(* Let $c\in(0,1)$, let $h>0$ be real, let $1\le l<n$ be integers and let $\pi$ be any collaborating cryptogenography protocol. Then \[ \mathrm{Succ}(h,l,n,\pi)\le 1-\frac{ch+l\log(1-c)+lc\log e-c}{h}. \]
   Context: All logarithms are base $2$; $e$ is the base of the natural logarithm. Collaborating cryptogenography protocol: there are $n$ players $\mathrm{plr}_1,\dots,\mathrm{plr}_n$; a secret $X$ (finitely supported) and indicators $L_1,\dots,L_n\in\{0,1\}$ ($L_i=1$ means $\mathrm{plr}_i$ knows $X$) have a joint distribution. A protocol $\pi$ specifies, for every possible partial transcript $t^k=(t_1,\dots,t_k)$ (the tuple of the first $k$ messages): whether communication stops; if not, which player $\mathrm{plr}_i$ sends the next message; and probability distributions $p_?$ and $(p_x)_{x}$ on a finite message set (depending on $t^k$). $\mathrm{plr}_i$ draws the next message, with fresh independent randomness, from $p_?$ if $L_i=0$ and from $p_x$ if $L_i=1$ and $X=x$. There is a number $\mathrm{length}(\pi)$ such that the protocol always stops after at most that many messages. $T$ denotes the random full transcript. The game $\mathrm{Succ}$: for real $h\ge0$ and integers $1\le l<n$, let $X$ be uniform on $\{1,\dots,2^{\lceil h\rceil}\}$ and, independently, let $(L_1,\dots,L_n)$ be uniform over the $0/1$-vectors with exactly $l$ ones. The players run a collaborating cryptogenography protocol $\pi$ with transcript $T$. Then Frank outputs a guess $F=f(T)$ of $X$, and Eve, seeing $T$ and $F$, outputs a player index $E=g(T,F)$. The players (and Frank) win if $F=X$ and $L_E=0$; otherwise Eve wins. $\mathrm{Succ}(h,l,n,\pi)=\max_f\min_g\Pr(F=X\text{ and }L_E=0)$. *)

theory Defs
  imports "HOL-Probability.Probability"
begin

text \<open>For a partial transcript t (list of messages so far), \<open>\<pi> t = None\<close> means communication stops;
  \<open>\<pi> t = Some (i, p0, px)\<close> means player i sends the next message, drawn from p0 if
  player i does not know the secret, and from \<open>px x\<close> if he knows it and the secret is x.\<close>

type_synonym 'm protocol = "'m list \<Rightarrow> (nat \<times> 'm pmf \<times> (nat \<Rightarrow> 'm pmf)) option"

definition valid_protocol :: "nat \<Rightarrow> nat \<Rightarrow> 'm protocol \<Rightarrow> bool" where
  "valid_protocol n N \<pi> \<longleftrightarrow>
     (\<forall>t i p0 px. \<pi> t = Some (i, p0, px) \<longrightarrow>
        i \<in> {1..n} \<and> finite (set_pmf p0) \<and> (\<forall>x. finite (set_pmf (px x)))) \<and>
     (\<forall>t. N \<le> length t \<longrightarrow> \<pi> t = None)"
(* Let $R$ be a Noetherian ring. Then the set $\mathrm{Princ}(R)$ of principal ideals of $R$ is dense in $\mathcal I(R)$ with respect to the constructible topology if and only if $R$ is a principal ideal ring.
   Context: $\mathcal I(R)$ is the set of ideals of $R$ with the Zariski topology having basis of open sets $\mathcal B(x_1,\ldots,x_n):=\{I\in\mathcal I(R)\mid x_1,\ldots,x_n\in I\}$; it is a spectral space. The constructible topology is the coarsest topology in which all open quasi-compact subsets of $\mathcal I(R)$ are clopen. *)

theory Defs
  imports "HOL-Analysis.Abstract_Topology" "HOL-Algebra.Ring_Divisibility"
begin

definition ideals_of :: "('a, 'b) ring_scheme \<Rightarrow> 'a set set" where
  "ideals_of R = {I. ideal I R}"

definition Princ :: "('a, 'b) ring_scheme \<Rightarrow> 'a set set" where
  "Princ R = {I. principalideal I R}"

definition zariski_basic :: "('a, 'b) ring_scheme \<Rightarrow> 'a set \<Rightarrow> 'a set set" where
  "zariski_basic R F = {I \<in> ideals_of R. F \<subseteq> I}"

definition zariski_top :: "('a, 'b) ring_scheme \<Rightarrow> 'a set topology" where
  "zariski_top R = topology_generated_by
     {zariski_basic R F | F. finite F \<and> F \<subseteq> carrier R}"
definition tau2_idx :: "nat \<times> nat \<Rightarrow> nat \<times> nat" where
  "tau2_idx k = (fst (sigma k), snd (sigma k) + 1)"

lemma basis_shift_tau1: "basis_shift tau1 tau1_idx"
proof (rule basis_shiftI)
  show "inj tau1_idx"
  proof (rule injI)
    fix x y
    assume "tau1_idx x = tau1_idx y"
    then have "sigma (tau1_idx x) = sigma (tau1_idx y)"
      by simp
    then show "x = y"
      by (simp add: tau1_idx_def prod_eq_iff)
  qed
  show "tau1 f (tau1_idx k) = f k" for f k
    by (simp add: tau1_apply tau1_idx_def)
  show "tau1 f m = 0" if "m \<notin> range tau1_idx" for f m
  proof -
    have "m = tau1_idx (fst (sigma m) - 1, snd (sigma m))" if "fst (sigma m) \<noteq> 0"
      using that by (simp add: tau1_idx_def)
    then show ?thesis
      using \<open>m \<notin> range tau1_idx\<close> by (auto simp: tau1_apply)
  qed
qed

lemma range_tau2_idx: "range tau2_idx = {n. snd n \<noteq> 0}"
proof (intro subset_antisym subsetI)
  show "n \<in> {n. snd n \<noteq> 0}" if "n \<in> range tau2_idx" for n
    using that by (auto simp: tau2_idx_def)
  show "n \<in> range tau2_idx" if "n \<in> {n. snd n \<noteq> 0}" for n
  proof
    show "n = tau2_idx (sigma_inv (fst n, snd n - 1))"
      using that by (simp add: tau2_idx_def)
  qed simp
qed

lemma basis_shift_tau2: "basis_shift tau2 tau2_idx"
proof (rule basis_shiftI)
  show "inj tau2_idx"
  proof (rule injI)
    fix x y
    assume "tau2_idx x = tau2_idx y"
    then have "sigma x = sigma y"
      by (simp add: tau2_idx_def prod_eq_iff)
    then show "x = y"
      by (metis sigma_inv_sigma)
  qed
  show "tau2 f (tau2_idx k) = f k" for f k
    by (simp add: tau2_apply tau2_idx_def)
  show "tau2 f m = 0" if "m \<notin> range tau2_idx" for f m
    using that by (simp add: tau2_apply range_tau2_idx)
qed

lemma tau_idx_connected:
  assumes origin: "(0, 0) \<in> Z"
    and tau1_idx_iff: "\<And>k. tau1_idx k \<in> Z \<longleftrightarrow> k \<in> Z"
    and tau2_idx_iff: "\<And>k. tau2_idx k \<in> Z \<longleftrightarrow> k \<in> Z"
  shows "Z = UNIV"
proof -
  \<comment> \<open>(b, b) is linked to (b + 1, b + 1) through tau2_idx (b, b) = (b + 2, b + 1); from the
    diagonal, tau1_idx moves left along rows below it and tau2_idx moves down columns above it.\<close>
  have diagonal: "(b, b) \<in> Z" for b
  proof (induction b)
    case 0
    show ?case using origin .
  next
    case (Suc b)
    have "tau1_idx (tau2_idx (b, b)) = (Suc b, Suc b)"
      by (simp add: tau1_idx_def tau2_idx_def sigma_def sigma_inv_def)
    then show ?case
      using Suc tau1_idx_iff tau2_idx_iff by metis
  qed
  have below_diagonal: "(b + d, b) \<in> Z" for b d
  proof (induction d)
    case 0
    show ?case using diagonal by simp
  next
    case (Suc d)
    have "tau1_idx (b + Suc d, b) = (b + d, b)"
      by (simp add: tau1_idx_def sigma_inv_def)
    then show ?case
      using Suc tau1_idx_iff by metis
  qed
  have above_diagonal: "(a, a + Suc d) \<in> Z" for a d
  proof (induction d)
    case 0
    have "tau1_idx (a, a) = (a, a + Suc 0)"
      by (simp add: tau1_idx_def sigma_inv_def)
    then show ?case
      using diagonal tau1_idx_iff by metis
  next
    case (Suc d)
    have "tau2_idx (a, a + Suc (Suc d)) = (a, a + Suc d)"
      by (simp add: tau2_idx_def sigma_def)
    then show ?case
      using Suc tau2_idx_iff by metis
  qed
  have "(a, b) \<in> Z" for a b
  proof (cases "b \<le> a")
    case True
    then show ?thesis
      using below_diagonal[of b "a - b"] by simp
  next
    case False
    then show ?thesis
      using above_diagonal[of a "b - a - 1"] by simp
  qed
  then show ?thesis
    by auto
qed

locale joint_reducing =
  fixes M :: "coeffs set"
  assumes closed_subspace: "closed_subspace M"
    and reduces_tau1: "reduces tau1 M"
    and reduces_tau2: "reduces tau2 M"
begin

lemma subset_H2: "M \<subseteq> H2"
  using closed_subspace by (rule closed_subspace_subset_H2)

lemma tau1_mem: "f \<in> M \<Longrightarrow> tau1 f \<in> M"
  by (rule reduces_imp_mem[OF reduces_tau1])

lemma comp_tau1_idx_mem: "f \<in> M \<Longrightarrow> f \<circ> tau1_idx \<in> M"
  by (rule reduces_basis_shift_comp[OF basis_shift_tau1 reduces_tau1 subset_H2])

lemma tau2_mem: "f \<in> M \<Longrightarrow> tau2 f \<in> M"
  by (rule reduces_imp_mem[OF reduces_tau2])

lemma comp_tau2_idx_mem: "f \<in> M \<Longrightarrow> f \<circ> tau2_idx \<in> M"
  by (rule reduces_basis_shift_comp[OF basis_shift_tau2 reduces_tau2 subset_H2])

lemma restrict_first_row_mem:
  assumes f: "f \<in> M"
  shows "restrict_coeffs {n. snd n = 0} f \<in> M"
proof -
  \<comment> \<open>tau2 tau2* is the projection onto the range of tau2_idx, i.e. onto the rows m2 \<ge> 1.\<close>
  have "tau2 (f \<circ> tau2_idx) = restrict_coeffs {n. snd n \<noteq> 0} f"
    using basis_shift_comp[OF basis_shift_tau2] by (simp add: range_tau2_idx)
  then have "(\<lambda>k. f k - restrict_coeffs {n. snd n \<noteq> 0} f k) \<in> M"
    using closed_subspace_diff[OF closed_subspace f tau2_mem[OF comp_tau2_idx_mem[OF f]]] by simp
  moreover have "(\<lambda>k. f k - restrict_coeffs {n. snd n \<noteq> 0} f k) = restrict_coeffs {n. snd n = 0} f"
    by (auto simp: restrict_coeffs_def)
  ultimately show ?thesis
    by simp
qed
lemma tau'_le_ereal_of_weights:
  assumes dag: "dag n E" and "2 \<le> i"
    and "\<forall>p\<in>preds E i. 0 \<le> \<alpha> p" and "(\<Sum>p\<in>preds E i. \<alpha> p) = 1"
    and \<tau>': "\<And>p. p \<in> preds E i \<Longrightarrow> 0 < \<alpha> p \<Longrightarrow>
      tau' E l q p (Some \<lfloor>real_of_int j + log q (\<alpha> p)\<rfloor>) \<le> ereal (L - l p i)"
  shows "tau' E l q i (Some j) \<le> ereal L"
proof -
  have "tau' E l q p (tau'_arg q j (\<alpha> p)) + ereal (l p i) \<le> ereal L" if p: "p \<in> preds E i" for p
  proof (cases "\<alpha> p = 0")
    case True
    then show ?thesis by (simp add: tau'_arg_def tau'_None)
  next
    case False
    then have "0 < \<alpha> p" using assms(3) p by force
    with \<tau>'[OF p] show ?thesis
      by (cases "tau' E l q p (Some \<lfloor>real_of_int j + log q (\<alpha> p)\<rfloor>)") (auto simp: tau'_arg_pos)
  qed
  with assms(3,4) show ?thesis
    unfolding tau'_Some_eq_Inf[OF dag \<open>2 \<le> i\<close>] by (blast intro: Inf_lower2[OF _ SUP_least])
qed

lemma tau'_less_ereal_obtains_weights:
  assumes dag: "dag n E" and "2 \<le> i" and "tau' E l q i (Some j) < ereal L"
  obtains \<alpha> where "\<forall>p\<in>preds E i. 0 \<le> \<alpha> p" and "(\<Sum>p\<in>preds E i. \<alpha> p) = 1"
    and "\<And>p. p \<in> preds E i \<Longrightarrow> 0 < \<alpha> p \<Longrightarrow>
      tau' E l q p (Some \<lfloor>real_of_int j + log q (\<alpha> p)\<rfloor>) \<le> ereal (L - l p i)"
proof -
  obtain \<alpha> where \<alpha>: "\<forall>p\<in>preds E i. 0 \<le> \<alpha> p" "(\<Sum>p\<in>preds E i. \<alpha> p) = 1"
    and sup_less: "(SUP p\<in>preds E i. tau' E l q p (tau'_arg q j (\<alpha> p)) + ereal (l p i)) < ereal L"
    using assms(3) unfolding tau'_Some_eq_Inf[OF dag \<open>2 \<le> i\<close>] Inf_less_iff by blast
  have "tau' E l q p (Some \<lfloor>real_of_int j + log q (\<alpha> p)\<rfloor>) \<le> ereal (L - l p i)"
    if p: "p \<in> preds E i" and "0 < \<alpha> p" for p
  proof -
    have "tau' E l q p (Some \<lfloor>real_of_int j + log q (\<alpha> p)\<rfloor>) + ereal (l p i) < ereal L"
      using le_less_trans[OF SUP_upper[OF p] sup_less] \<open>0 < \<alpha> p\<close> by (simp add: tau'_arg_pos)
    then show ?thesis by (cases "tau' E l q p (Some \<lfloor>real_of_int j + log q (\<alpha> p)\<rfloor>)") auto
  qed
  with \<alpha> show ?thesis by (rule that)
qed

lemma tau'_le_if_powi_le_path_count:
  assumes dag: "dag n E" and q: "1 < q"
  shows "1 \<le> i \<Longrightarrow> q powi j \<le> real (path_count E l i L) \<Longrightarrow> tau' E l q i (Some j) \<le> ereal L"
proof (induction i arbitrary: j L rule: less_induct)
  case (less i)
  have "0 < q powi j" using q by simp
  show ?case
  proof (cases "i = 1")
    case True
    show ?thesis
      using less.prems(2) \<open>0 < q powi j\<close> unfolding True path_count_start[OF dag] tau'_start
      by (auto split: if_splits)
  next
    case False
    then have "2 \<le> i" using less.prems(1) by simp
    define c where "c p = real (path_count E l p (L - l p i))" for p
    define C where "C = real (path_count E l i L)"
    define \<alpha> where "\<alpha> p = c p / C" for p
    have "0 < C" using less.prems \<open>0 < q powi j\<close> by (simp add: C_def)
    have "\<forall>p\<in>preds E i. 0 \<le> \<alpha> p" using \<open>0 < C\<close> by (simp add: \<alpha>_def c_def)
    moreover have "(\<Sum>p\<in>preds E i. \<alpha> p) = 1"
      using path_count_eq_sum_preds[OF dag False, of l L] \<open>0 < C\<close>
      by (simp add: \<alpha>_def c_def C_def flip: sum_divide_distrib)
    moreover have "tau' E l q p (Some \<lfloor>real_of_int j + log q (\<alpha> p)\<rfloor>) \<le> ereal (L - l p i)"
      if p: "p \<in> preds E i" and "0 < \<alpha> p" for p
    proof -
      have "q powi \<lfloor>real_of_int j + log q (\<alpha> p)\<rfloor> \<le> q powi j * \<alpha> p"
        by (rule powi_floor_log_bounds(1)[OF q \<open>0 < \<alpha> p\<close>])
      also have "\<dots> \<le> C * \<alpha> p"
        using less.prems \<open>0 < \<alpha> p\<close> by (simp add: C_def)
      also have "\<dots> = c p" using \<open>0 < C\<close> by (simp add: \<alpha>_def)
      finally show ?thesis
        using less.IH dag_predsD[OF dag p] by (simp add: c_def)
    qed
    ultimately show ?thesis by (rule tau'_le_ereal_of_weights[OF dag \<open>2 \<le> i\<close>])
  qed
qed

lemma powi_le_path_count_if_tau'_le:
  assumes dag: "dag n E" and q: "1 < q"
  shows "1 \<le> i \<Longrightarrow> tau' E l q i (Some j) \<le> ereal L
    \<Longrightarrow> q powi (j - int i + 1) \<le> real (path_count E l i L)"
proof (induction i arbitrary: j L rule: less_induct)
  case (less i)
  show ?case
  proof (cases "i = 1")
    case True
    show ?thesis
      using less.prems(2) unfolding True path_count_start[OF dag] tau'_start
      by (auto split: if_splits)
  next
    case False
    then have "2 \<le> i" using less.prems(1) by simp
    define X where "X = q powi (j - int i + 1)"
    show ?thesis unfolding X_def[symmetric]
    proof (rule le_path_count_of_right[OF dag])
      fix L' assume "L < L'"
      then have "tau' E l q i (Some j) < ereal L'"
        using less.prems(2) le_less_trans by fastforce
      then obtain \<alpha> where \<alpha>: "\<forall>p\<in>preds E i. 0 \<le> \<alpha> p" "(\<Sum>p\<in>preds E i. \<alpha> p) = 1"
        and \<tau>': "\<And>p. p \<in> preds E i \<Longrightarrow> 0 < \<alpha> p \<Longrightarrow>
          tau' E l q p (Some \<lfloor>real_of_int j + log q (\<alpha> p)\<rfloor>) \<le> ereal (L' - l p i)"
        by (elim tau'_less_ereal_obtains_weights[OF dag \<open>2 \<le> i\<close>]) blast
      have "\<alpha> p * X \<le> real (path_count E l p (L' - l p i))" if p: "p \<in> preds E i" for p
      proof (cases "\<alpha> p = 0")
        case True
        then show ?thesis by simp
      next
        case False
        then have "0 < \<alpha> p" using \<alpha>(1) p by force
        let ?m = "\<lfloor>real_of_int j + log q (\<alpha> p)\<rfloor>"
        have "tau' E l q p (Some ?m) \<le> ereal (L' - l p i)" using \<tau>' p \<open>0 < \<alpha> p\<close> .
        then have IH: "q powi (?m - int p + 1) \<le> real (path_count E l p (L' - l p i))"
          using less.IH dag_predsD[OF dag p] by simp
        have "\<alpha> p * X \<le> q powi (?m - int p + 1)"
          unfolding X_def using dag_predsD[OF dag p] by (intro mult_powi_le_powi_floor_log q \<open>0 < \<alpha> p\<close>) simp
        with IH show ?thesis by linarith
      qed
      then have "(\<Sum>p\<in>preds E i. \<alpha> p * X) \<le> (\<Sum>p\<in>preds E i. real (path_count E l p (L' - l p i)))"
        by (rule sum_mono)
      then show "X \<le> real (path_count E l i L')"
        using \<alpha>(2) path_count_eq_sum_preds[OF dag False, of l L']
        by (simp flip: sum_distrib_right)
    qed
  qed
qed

::::::::::

- _WHAT YOU ARE ASKED TO DO_:
Note each line above that contains "Princ" and copy it out.

- _YOUR RESPONSE_:
(* Let $R$ be a Noetherian ring. Then the set $\mathrm{Princ}(R)$ of principal ideals of $R$ is dense in $\mathcal I(R)$ with respect to the constructible topology if and only if $R$ is a principal ideal ring.
definition Princ :: "('a, 'b) ring_scheme \<Rightarrow> 'a set set" where
  "Princ R = {I. principalideal I R}"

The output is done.